PROVIDED INFORMATION ->
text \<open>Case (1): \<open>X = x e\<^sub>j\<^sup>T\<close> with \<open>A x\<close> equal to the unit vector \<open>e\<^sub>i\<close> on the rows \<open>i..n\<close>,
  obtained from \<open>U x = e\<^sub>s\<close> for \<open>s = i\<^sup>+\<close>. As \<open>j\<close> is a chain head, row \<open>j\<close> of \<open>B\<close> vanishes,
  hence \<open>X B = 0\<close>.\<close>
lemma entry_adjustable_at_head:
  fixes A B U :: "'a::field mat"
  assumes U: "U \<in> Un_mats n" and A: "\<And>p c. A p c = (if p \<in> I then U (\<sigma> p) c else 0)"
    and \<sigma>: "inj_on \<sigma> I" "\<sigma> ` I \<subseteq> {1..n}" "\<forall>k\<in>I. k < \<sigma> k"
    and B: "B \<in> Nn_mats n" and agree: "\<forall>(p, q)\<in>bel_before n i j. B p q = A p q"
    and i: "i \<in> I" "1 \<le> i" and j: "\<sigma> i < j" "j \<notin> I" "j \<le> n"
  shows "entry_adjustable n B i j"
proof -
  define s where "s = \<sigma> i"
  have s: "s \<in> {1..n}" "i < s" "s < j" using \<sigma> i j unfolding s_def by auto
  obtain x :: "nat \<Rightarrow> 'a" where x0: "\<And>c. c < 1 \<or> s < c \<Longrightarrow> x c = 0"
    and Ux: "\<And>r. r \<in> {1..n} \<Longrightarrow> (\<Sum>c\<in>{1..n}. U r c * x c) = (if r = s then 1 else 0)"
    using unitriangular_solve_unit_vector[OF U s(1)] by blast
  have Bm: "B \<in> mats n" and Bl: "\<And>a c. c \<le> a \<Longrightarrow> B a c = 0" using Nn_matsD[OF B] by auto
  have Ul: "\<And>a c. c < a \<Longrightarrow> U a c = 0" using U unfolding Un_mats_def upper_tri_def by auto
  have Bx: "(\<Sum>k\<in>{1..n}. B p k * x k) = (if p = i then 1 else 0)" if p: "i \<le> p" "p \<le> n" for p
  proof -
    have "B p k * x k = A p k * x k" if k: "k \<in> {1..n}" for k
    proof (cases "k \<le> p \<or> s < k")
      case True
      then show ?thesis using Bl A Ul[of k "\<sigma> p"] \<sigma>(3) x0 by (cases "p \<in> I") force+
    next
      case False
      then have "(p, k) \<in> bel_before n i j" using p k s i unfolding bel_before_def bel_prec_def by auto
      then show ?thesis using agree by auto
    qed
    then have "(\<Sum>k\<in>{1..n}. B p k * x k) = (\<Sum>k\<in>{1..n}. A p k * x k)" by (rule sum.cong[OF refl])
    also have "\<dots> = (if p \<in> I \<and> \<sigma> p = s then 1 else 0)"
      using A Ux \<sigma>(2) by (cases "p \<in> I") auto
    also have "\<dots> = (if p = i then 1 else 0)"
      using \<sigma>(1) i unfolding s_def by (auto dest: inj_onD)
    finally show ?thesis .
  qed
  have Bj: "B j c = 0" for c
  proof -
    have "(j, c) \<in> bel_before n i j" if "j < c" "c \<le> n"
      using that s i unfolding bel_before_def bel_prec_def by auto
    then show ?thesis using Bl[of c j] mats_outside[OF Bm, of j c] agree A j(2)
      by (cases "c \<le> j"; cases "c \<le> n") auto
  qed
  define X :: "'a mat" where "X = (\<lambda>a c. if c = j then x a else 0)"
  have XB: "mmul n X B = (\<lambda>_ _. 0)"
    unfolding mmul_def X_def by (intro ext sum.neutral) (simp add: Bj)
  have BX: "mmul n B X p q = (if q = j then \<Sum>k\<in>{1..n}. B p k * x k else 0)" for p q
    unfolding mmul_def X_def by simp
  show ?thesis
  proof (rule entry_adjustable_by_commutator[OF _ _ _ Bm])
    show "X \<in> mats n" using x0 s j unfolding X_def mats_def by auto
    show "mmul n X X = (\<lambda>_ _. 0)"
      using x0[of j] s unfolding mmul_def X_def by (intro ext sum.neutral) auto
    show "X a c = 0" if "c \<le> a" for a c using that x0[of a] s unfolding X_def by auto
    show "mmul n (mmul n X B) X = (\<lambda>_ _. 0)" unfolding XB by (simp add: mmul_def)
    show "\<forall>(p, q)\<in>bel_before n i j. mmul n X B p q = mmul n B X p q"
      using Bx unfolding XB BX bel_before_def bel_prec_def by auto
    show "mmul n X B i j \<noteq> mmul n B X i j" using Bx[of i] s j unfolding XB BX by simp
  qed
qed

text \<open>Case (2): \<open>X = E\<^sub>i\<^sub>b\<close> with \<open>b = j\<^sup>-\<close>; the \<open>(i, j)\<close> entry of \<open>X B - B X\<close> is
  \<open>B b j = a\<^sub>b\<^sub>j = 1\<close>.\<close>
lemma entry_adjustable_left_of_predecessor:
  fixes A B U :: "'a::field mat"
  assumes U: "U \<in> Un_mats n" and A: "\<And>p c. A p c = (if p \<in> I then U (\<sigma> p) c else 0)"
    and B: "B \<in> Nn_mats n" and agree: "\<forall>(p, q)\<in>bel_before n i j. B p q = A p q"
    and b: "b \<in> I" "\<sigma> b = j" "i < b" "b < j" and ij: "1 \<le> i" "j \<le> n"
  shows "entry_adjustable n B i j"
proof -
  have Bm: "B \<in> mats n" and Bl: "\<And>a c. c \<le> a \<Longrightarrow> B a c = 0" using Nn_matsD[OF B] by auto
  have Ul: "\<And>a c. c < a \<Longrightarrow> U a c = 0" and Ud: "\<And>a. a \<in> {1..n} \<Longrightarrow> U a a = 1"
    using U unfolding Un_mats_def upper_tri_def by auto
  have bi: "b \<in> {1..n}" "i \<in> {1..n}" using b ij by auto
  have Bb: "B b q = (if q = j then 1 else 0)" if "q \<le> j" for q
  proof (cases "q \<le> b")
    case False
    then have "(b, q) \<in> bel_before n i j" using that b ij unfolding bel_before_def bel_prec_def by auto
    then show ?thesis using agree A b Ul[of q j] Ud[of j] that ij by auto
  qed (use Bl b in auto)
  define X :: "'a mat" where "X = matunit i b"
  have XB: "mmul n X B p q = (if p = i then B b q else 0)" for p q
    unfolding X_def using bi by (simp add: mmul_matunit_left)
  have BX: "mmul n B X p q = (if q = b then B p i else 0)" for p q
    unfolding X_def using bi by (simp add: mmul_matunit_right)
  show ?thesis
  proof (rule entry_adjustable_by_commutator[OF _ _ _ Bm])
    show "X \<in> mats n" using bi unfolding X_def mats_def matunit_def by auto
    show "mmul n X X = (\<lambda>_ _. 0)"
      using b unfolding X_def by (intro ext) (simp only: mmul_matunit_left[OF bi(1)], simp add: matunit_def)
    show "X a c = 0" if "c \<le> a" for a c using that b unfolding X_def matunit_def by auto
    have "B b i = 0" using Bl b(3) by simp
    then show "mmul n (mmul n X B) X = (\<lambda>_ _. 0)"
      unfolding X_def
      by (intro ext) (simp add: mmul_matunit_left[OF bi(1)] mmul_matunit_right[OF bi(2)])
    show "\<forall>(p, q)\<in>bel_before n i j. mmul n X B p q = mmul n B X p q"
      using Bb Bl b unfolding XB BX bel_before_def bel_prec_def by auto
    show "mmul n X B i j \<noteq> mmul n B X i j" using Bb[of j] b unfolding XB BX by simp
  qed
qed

EXERCISE INSTRUCTIONS -> Filter the listing above down to the lines that contain the word "noteq".

THE COMPLETED TASK ->
    show "mmul n X B i j \<noteq> mmul n B X i j" using Bx[of i] s j unfolding XB BX by simp
    show "mmul n X B i j \<noteq> mmul n B X i j" using Bb[of j] b unfolding XB BX by simp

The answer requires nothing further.